И вдруг с высот дружно грянули трубы: казалось, они поют под единым сводом, и слитный трубный гром раскатился по каменным склонам.
Так возвратился с победою властитель Мустангрима в Дунхерг, в свое высокогорное Укрывище. Последняя рать Ристании была в сборе; проведав о приближении конунга, воеводы встретили его у переправы, как и велел Гэндальф. Впереди ехал Дунгир, здешний правитель.
– Государь, – сказал он, – три дня назад на рассвете примчался с запада в Эдорас Светозар, и Гэндальф несказанно обрадовал нас вестью о твоей победе. Но он приказал от лица твоего поторопить сбор. А затем нагрянул крылатый Призрак.
– Крылатый Призрак? – повторил Теоден. – Мы тоже видели его, но посреди ночи, еще когда Гэндальф был с нами.

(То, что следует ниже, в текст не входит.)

lemma cmod_less_one_near_annihilated:
  assumes "\<phi> \<in> annih V" and bound: "\<forall>y. cmod (\<phi> y) \<le> M * norm y" and "M > 0"
    and "w \<in> V" and "dist v w < 1 / M"
  shows "cmod (\<phi> v) < 1"
proof -
  have "\<phi> \<in> cdual" "\<phi> w = 0"
    using assms(1,4) unfolding annih_def by blast+
  then have "cmod (\<phi> v) = cmod (\<phi> (v - w))"
    by (simp add: clinear_fun_diff[OF cdual_clinear_fun])
  also have "\<dots> \<le> M * dist v w"
    using bound by (simp add: dist_norm)
  also have "\<dots> < 1"
    using \<open>dist v w < 1 / M\<close> \<open>M > 0\<close> by (simp add: field_simps)
  finally show ?thesis .
qed

lemma openin_lower_vietoris_annih_disjoint:
  fixes K' :: "('a::complex_normed_vector \<Rightarrow> complex) set"
  assumes K': "compactin dual_topology K'"
  shows "openin lower_vietoris {V\<in>MaxA. annih V \<inter> K' = {}}"
proof (subst openin_subopen, intro ballI)
  fix V0 assume "V0 \<in> {V\<in>MaxA. annih V \<inter> K' = {}}"
  then have "V0 \<in> MaxA" and "annih V0 \<inter> K' = {}"
    by blast+
  then obtain D where "finite D" "D \<subseteq> V0" and D: "\<forall>\<phi>\<in>K'. \<exists>v\<in>D. 1 < cmod (\<phi> v)"
    using finite_witnesses_of_annih_disjoint[OF K' csubspace_MaxA[OF \<open>V0 \<in> MaxA\<close>]] by blast
  obtain M where "M > 0" and M: "\<forall>\<phi>\<in>K'. \<forall>y. cmod (\<phi> y) \<le> M * norm y"
    using compactin_dual_equibounded[OF K'] by blast
  define T where "T = (\<Inter>v\<in>D. {V\<in>MaxA. V \<inter> ball v (1 / M) \<noteq> {}}) \<inter> topspace lower_vietoris"
  have "openin lower_vietoris T"
    unfolding T_def using \<open>finite D\<close> by (intro openin_INT openin_lower_vietoris_subbasic) simp_all
  moreover have "V0 \<inter> ball v (1 / M) \<noteq> {}" if "v \<in> D" for v
    using that \<open>D \<subseteq> V0\<close> \<open>M > 0\<close> centre_in_ball[of v "1 / M"] by auto
  then have "V0 \<in> T"
    using \<open>V0 \<in> MaxA\<close> unfolding T_def topspace_lower_vietoris by blast
  moreover have "annih V \<inter> K' = {}" if "V \<in> T" for V
  proof (rule ccontr)
    assume "annih V \<inter> K' \<noteq> {}"
    then obtain \<phi> v where "\<phi> \<in> annih V" "\<phi> \<in> K'" "v \<in> D" "1 < cmod (\<phi> v)"
      using D by blast
    moreover have "V \<inter> ball v (1 / M) \<noteq> {}"
      using \<open>V \<in> T\<close> \<open>v \<in> D\<close> unfolding T_def by blast
    then obtain w where "w \<in> V" "dist v w < 1 / M"
      by auto
    moreover have "\<forall>y. cmod (\<phi> y) \<le> M * norm y"
      using M \<open>\<phi> \<in> K'\<close> by blast
    ultimately show False
      using cmod_less_one_near_annihilated[of \<phi> V M w v] \<open>M > 0\<close> by simp
  qed
  then have "T \<subseteq> {V\<in>MaxA. annih V \<inter> K' = {}}"
    unfolding T_def topspace_lower_vietoris by blast
  ultimately show "\<exists>T. openin lower_vietoris T \<and> V0 \<in> T \<and> T \<subseteq> {V\<in>MaxA. annih V \<inter> K' = {}}"
    by blast
qed

lemma openin_annih_topology_hitting:
  fixes U :: "'a::complex_normed_vector set"
  assumes "open U"
  shows "openin annih_topology {V\<in>MaxA. V \<inter> U \<noteq> {}}"
proof (subst openin_subopen, intro ballI)
  fix V0 assume "V0 \<in> {V\<in>MaxA. V \<inter> U \<noteq> {}}"
  then obtain x where "x \<in> V0" "x \<in> U"
    by blast
  then obtain r where "r > 0" "ball x r \<subseteq> U"
    using \<open>open U\<close> open_contains_ball by blast
  define K' where "K' = {\<phi>\<in>cdual. \<phi> x = 1 \<and> (\<forall>y. cmod (\<phi> y) \<le> (1 / r) * norm y)}"
  define T where "T = {V\<in>MaxA. annih V \<inter> K' = {}}"
  have "compactin dual_topology K'"
    unfolding K'_def using \<open>r > 0\<close> by (intro compactin_dual_normalized_equibounded) simp
  then have "openin annih_topology T"
    unfolding T_def by (rule openin_annih_topology_subbasic)
  moreover have "V0 \<in> T"
    using \<open>V0 \<in> {V\<in>MaxA. V \<inter> U \<noteq> {}}\<close> \<open>x \<in> V0\<close> unfolding T_def K'_def annih_def by auto
  moreover have "V \<inter> U \<noteq> {}" if "V \<in> T" for V
  proof
    assume "V \<inter> U = {}"
    then have "\<forall>v\<in>V. v \<notin> ball x r"
      using \<open>ball x r \<subseteq> U\<close> by blast
    then have "\<forall>v\<in>V. r \<le> norm (x - v)"
      by (simp add: dist_norm not_less)
    moreover have "csubspace V"
      using \<open>V \<in> T\<close> csubspace_MaxA unfolding T_def by blast
    ultimately obtain \<phi> where "\<phi> \<in> cdual" "\<phi> x = 1" "\<forall>v\<in>V. \<phi> v = 0"
      "\<forall>y. cmod (\<phi> y) \<le> (1 / r) * norm y"
      using cdual_separating_point_from_csubspace \<open>r > 0\<close> by blast
    then have "\<phi> \<in> annih V \<inter> K'"
      unfolding annih_def K'_def by blast
    then show False
      using \<open>V \<in> T\<close> unfolding T_def by blast
  qed
  then have "T \<subseteq> {V\<in>MaxA. V \<inter> U \<noteq> {}}"
    unfolding T_def by blast
  ultimately show "\<exists>T. openin annih_topology T \<and> V0 \<in> T \<and> T \<subseteq> {V\<in>MaxA. V \<inter> U \<noteq> {}}"
    by blast
qed

theorem lemma7p13:
  shows "(lower_vietoris :: 'a::complex_normed_vector set topology) = annih_topology"
  unfolding lower_vietoris_def annih_topology_def
proof (rule topology_generated_by_eqI)
  fix S :: "'a set set" assume "S \<in> {{V\<in>MaxA. V \<inter> U \<noteq> {}} | U. open U}"
  then show "openin (topology_generated_by {{V\<in>MaxA. annih V \<inter> K' = {}} | K'. compactin dual_topology K'}) S"
    using openin_annih_topology_hitting unfolding annih_topology_def by blast
next
  fix T :: "'a set set" assume "T \<in> {{V\<in>MaxA. annih V \<inter> K' = {}} | K'. compactin dual_topology K'}"
  then show "openin (topology_generated_by {{V\<in>MaxA. V \<inter> U \<noteq> {}} | U. open U}) T"
    using openin_lower_vietoris_annih_disjoint unfolding lower_vietoris_def by blast
qed

end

– Может статься, вы его и видели, государь, – сказал Дунгир. – Он ли был тогда или другой, но исчадьем мрака, подобьем чудовищной птицы явился он в то утро над Эдорасом, и страх объял всех до единого. Ибо он снизился к Медусельду, почти до самого купола, и раздался вопль, оледенивший сердца. Тогда-то Гэндальф и посоветовал нам не собираться на равнине, а встретить тебя здесь, в горном Укрывище. И не зажигать ни костров, ни факелов помимо крайней нужды – так мы и сделали, потому что повелительны были его слова и мы услышали в них твое веление. Здесь, над долиною, чудища не появлялись.
– Вы рассудили верно, – сказал Теоден. – Я сейчас еду в Укрывище, и прежде, чем отойду ко сну, надо мне встретиться с воеводами и сенешалями. Созовите их у меня как можно скорее!
Теперь дорога вела прямиком на восток – по долине, где она была шириною не более полумили. Кругом лежали поля и травяные сумеречно-серые луга, и за дальним краем ложбины Мерри увидел утесистый отрог Старкгорна, некогда разрезанный рекой.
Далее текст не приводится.